Мистер Джойбой завинтил кран и подошел к сэру Фрэнсису Хинзли. Он поднял его руки и соединил их кисти, но не так, как складывают для молитвы, а так, как кладут их одна на другую в знак смирения. Потом он поднял голову покойного, поправил подушку и чуть склонил шею, так чтоб лицо было видно вполоборота. Затем он отошел в сторону, чтобы окинуть все критическим взглядом, еще раз склонился над телом и слегка приподнял подбородок.
— Блестяще, — сказал он. — Они кое-где смазали краску, когда укладывали его в гроб. Пройдитесь там еще разочек кистью, чуть-чуть, слегка.
— Хорошо, мистер Джойбой.
Мистер Джойбой помедлил еще мгновенье, потом решительно повернулся к выходу.
— А теперь за малютку, — сказал он.
Глава 5
Похороны были назначены на четверг; прощанье должно было происходить в среду днем в Салоне Упокоения. В то утро Деннис приехал в «Шелестящий дол» посмотреть, все ли в порядке.

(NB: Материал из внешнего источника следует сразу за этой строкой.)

lemma Irr_FactGroupE:
  assumes N: "N \<lhd> G" and \<chi>: "\<chi> \<in> Irr (G Mod N)"
  obtains \<psi> where "\<psi> \<in> Irr G" "N \<subseteq> char_kernel G \<psi>" "\<And>g. g \<in> carrier G \<Longrightarrow> \<chi> (N #> g) = \<psi> g"
proof -
  obtain n \<rho> where irr: "is_irrep (G Mod N) n \<rho>" and \<chi>_def: "\<chi> = character (G Mod N) \<rho>"
    using \<chi> by (rule IrrE)
  define \<psi> where "\<psi> = character G (\<lambda>g. \<rho> (N #> g))"
  have \<psi>: "\<psi> \<in> Irr G" unfolding \<psi>_def by (rule IrrI[OF is_irrep_lift_FactGroup[OF N irr]])
  have lift: "\<chi> (N #> g) = \<psi> g" if "g \<in> carrier G" for g
    using that by (simp add: \<chi>_def \<psi>_def character_def carrier_FactGroup)
  have kernel: "N \<subseteq> char_kernel G \<psi>"
  proof
    fix x assume x: "x \<in> N"
    have N_subgroup: "subgroup N G" using N by (rule normal_imp_subgroup)
    have x_carrier: "x \<in> carrier G" using subgroup.mem_carrier[OF N_subgroup x] .
    have "N #> x = N #> \<one>"
      using coset_join2[OF x_carrier N_subgroup x] normal_coset_mult_one[OF N] by simp
    then have "\<psi> x = \<psi> \<one>" using lift[OF x_carrier] lift[OF one_closed] by simp
    then show "x \<in> char_kernel G \<psi>" using x_carrier by (simp add: char_kernel_def)
  qed
  show ?thesis by (rule that[OF \<psi> kernel lift])
qed

lemma char_center_FactGroup:
  assumes N: "N \<lhd> G" and lift: "\<And>g. g \<in> carrier G \<Longrightarrow> \<chi> (N #> g) = \<psi> g"
  shows "char_center (G Mod N) \<chi> = (\<lambda>g. N #> g) ` char_center G \<psi>"
proof (intro equalityI subsetI)
  have one: "\<chi> N = \<psi> \<one>" using lift[OF one_closed] normal_coset_mult_one[OF N] by simp
  fix C assume "C \<in> char_center (G Mod N) \<chi>"
  then obtain g where g: "g \<in> carrier G" "C = N #> g" and "cmod (\<chi> C) = cmod (\<chi> N)"
    by (auto simp: char_center_def carrier_FactGroup)
  then have "g \<in> char_center G \<psi>" using one lift[OF g(1)] by (simp add: char_center_def)
  then show "C \<in> (\<lambda>g. N #> g) ` char_center G \<psi>" using g(2) by (rule rev_image_eqI)
next
  have one: "\<chi> N = \<psi> \<one>" using lift[OF one_closed] normal_coset_mult_one[OF N] by simp
  fix C assume "C \<in> (\<lambda>g. N #> g) ` char_center G \<psi>"
  then obtain g where g: "g \<in> char_center G \<psi>" "C = N #> g" by blast
  then have "g \<in> carrier G" by (simp add: char_center_def)
  then show "C \<in> char_center (G Mod N) \<chi>"
    using g one lift by (auto simp: char_center_def carrier_FactGroup)
qed

lemma FactGroup_vanishes_off_center:
  assumes N: "N \<lhd> G" and lift: "\<And>g. g \<in> carrier G \<Longrightarrow> \<chi> (N #> g) = \<psi> g"
    and vanish: "\<forall>g \<in> carrier G - char_center G \<psi>. \<psi> g = 0"
  shows "\<forall>C \<in> carrier (G Mod N) - char_center (G Mod N) \<chi>. \<chi> C = 0"
proof
  fix C assume C: "C \<in> carrier (G Mod N) - char_center (G Mod N) \<chi>"
  then obtain g where g: "g \<in> carrier G" and C_def: "C = N #> g" by (auto simp: carrier_FactGroup)
  have "C \<notin> (\<lambda>g. N #> g) ` char_center G \<psi>"
    using C char_center_FactGroup[where \<chi> = \<chi> and \<psi> = \<psi>, OF N lift] by simp
  then have "g \<notin> char_center G \<psi>" unfolding C_def by blast
  then show "\<chi> C = 0" using vanish g lift[OF g] C_def by simp
qed

end

section \<open>Nested GVZ-groups\<close>

lemma chain_subset_image:
  assumes "chain\<^sub>\<subseteq> \<C>"
  shows "chain\<^sub>\<subseteq> ((`) f ` \<C>)"
  unfolding chain_subset_def
proof (intro ballI)
  fix A' B' assume "A' \<in> (`) f ` \<C>" "B' \<in> (`) f ` \<C>"
  then obtain A B where "A \<in> \<C>" "B \<in> \<C>" "A' = f ` A" "B' = f ` B" by blast
  then show "A' \<subseteq> B' \<or> B' \<subseteq> A'" using assms unfolding chain_subset_def by (meson image_mono)
qed

lemma nested_groupI:
  assumes "\<And>\<chi>. \<chi> \<in> Irr G \<Longrightarrow> char_center G \<chi> \<in> \<C>" and "chain\<^sub>\<subseteq> \<C>"
  shows "nested_group G"
  using assms unfolding nested_group_def chain_subset_def by blast

context finite_group
begin

lemma FactGroup_comm_sub_eps_aux_nested_GVZ:
  fixes i :: nat
  defines "N \<equiv> comm_sub G (eps_aux G i) (carrier G)"
  shows "nested_group (G Mod N) \<and> GVZ_group (G Mod N)"
proof -
  have N: "N \<lhd> G" unfolding N_def by (rule comm_sub_normal[OF eps_aux_subset_carrier])
  have chars: "char_center (G Mod N) \<chi> \<in> (`) (\<lambda>g. N #> g) ` range (eps_aux G) \<and>
      (\<forall>C \<in> carrier (G Mod N) - char_center (G Mod N) \<chi>. \<chi> C = 0)"
    if \<chi>: "\<chi> \<in> Irr (G Mod N)" for \<chi>
  proof -
    obtain \<psi> where \<psi>: "\<psi> \<in> Irr G" "N \<subseteq> char_kernel G \<psi>"
      and lift: "\<And>g. g \<in> carrier G \<Longrightarrow> \<chi> (N #> g) = \<psi> g"
      using Irr_FactGroupE[OF N \<chi>] by blast
    obtain j where center: "char_center G \<psi> = eps_aux G j"
      and vanish: "\<forall>g \<in> carrier G - char_center G \<psi>. \<psi> g = 0"
      using Irr_center_in_eps_series[OF \<psi>(1) \<psi>(2)[unfolded N_def]] by blast
    have "char_center (G Mod N) \<chi> = (\<lambda>g. N #> g) ` eps_aux G j"
      using char_center_FactGroup[where \<chi> = \<chi> and \<psi> = \<psi>, OF N lift] center by simp
    moreover have "(\<lambda>g. N #> g) ` eps_aux G j \<in> (`) (\<lambda>g. N #> g) ` range (eps_aux G)"
      by (intro imageI rangeI)
    ultimately show ?thesis
      using FactGroup_vanishes_off_center[where \<chi> = \<chi> and \<psi> = \<psi>, OF N lift vanish] by simp
  qed
  have "nested_group (G Mod N)"
    by (rule nested_groupI[OF _ chain_subset_image[OF eps_aux_chain, of "\<lambda>g. N #> g"]])
      (use chars in blast)
  moreover have "GVZ_group (G Mod N)" unfolding GVZ_group_def using chars by blast
  ultimately show ?thesis ..
qed

lemma nested_GVZ_if_eps_inf_trivial:
  assumes "eps_inf G = {\<one>}"
  shows "nested_group G \<and> GVZ_group G"
proof -
  obtain k where "eps_inf G = eps_aux G k" using eps_inf_in_range by blast
  then have triv: "comm_sub G (eps_aux G k) (carrier G) = {\<one>}" using assms comm_sub_one by simp
  have chars: "char_center G \<chi> \<in> range (eps_aux G) \<and> (\<forall>g \<in> carrier G - char_center G \<chi>. \<chi> g = 0)"
    if "\<chi> \<in> Irr G" for \<chi>
    by (rule Irr_center_in_eps_series[OF that, of k]) (simp add: triv char_kernel_def)
  have "nested_group G" by (rule nested_groupI[OF _ eps_aux_chain]) (use chars in blast)
  moreover have "GVZ_group G" unfolding GVZ_group_def using chars by blast
  ultimately show ?thesis ..
qed

lemma nested_group_max_center:
  assumes nested: "nested_group G" and S: "S \<subseteq> Irr G" "S \<noteq> {}"
  obtains \<chi>\<^sub>0 where "\<chi>\<^sub>0 \<in> S" "\<And>\<chi>. \<chi> \<in> S \<Longrightarrow> char_center G \<chi> \<subseteq> char_center G \<chi>\<^sub>0"
proof -
  have "char_center G ` S \<subseteq> Pow (carrier G)" by (auto simp: char_center_def)
  then have "finite (char_center G ` S)" by (rule finite_subset) (simp add: finite_carrier)
  then obtain Z where "Z \<in> char_center G ` S"
    and Z_max: "\<forall>Z' \<in> char_center G ` S. Z \<subseteq> Z' \<longrightarrow> Z = Z'"
    using finite_has_maximal[of "char_center G ` S"] S(2) by blast
  then obtain \<chi>\<^sub>0 where \<chi>\<^sub>0: "\<chi>\<^sub>0 \<in> S" and Z: "Z = char_center G \<chi>\<^sub>0" by blast
  have "char_center G \<chi> \<subseteq> char_center G \<chi>\<^sub>0" if \<chi>: "\<chi> \<in> S" for \<chi>
  proof -
    have "char_center G \<chi> \<subseteq> char_center G \<chi>\<^sub>0 \<or> char_center G \<chi>\<^sub>0 \<subseteq> char_center G \<chi>"
      using nested S(1) \<chi> \<chi>\<^sub>0 unfolding nested_group_def by blast
    then show ?thesis using Z_max \<chi> Z by blast
  qed
  with \<chi>\<^sub>0 show ?thesis by (rule that)
qed

lemma eps_inf_trivial_if_nested_GVZ:
  assumes nested: "nested_group G" and GVZ: "GVZ_group G"
  shows "eps_inf G = {\<one>}"
proof (rule ccontr)
  let ?M = "comm_sub G (eps_inf G) (carrier G)"
  assume nontrivial: "eps_inf G \<noteq> {\<one>}"
  have Irr_rel: "Irr_rel G ?M \<subseteq> Irr G" by (auto simp: Irr_rel_def)
  have "Irr_rel G ?M \<noteq> {}"
  proof
    assume "Irr_rel G ?M = {}"
    then have "V_rel G ?M = {\<one>}" unfolding V_rel_def by (simp add: generate_empty)
    with eps_inf_fixed nontrivial show False by simp
  qed
  then obtain \<chi>\<^sub>0 where \<chi>\<^sub>0: "\<chi>\<^sub>0 \<in> Irr_rel G ?M"
    and max: "\<And>\<chi>. \<chi> \<in> Irr_rel G ?M \<Longrightarrow> char_center G \<chi> \<subseteq> char_center G \<chi>\<^sub>0"
    using nested_group_max_center[OF nested Irr_rel] by blast
  have Irr: "\<chi>\<^sub>0 \<in> Irr G" using \<chi>\<^sub>0 Irr_rel by blast
  have "V_rel G ?M \<subseteq> char_center G \<chi>\<^sub>0"
    unfolding V_rel_def
  proof (rule generate_subgroup_incl[OF _ char_center_subgroup[OF Irr]], rule subsetI)
    fix g assume "g \<in> {g \<in> carrier G. \<exists>\<chi> \<in> Irr_rel G ?M. \<chi> g \<noteq> 0}"
    then obtain \<chi> where g: "g \<in> carrier G" and \<chi>: "\<chi> \<in> Irr_rel G ?M" "\<chi> g \<noteq> 0" by blast
    have "g \<in> char_center G \<chi>" using GVZ Irr_rel \<chi> g unfolding GVZ_group_def by blast
    then show "g \<in> char_center G \<chi>\<^sub>0" using max[OF \<chi>(1)] by blast
  qed
  then have "?M \<subseteq> char_kernel G \<chi>\<^sub>0"
    using eps_inf_fixed comm_sub_subset_char_kernel_iff[OF Irr eps_inf_subset_carrier] by simp
  then show False using \<chi>\<^sub>0 by (simp add: Irr_rel_def)
qed

end

theorem theoremJ:
  fixes G :: "('g, 'b) monoid_scheme"
  assumes "group G" and "finite (carrier G)"
  shows "(\<forall>i::nat. i \<ge> 1 \<longrightarrow>
            nested_group (G Mod (comm_sub G (eps G i) (carrier G))) \<and>
            GVZ_group (G Mod (comm_sub G (eps G i) (carrier G))))
       \<and> ((nested_group G \<and> GVZ_group G) \<longleftrightarrow> eps_inf G = {\<one>\<^bsub>G\<^esub>})"
proof -
  interpret finite_group G
    by (rule finite_group.intro[OF assms(1) finite_group_axioms.intro[OF assms(2)]])
  have quotients: "nested_group (G Mod (comm_sub G (eps G i) (carrier G))) \<and>
      GVZ_group (G Mod (comm_sub G (eps G i) (carrier G)))" for i
    unfolding eps_def by (rule FactGroup_comm_sub_eps_aux_nested_GVZ)
  have "nested_group G \<and> GVZ_group G \<longleftrightarrow> eps_inf G = {\<one>\<^bsub>G\<^esub>}"
    using nested_GVZ_if_eps_inf_trivial eps_inf_trivial_if_nested_GVZ by blast
  with quotients show ?thesis by blast
qed

end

Его сразу провели в Салон Орхидей. В комнате было много цветов, по большей части из цветочного магазина с первого этажа и по большей части «в своей естественной красоте». (После особой консультации с руководством фирмы великолепный символ крикетного клуба — скрещенные биты и воротца — был также водворен в салоне. Доктор Кенуорти лично высказал по этому поводу свое мнение: символ этот по самой своей сути является напоминанием о жизни, а не о смерти; этот аргумент решил дело.) В прихожей цветов было так много, что казалось, будто здесь нет никакой мебели или украшений, ничего, кроме цветов; двустворчатые двери вели во вторую комнату — собственно Салон Упокоения.
Деннис взялся за ручку двери и остановился на мгновенье в нерешительности, почувствовав, что с той стороны кто-то тоже держится за ручку. Именно так в десятках романов стояли влюбленные. Дверь отворилась, и Эме Танатогенос оказалась совсем рядом; позади нее были цветы, еще много-много цветов, так что все вокруг нее было насыщено густым ароматом оранжереи, и приглушенный хор голосов, слившихся в священном песнопении, звучал из-за карниза. В тот момент, когда они столкнулись в дверях, чистый мальчишеский альт выводил с мучительно-сладострастным трепетом: «О, если б мне крылья голубки…»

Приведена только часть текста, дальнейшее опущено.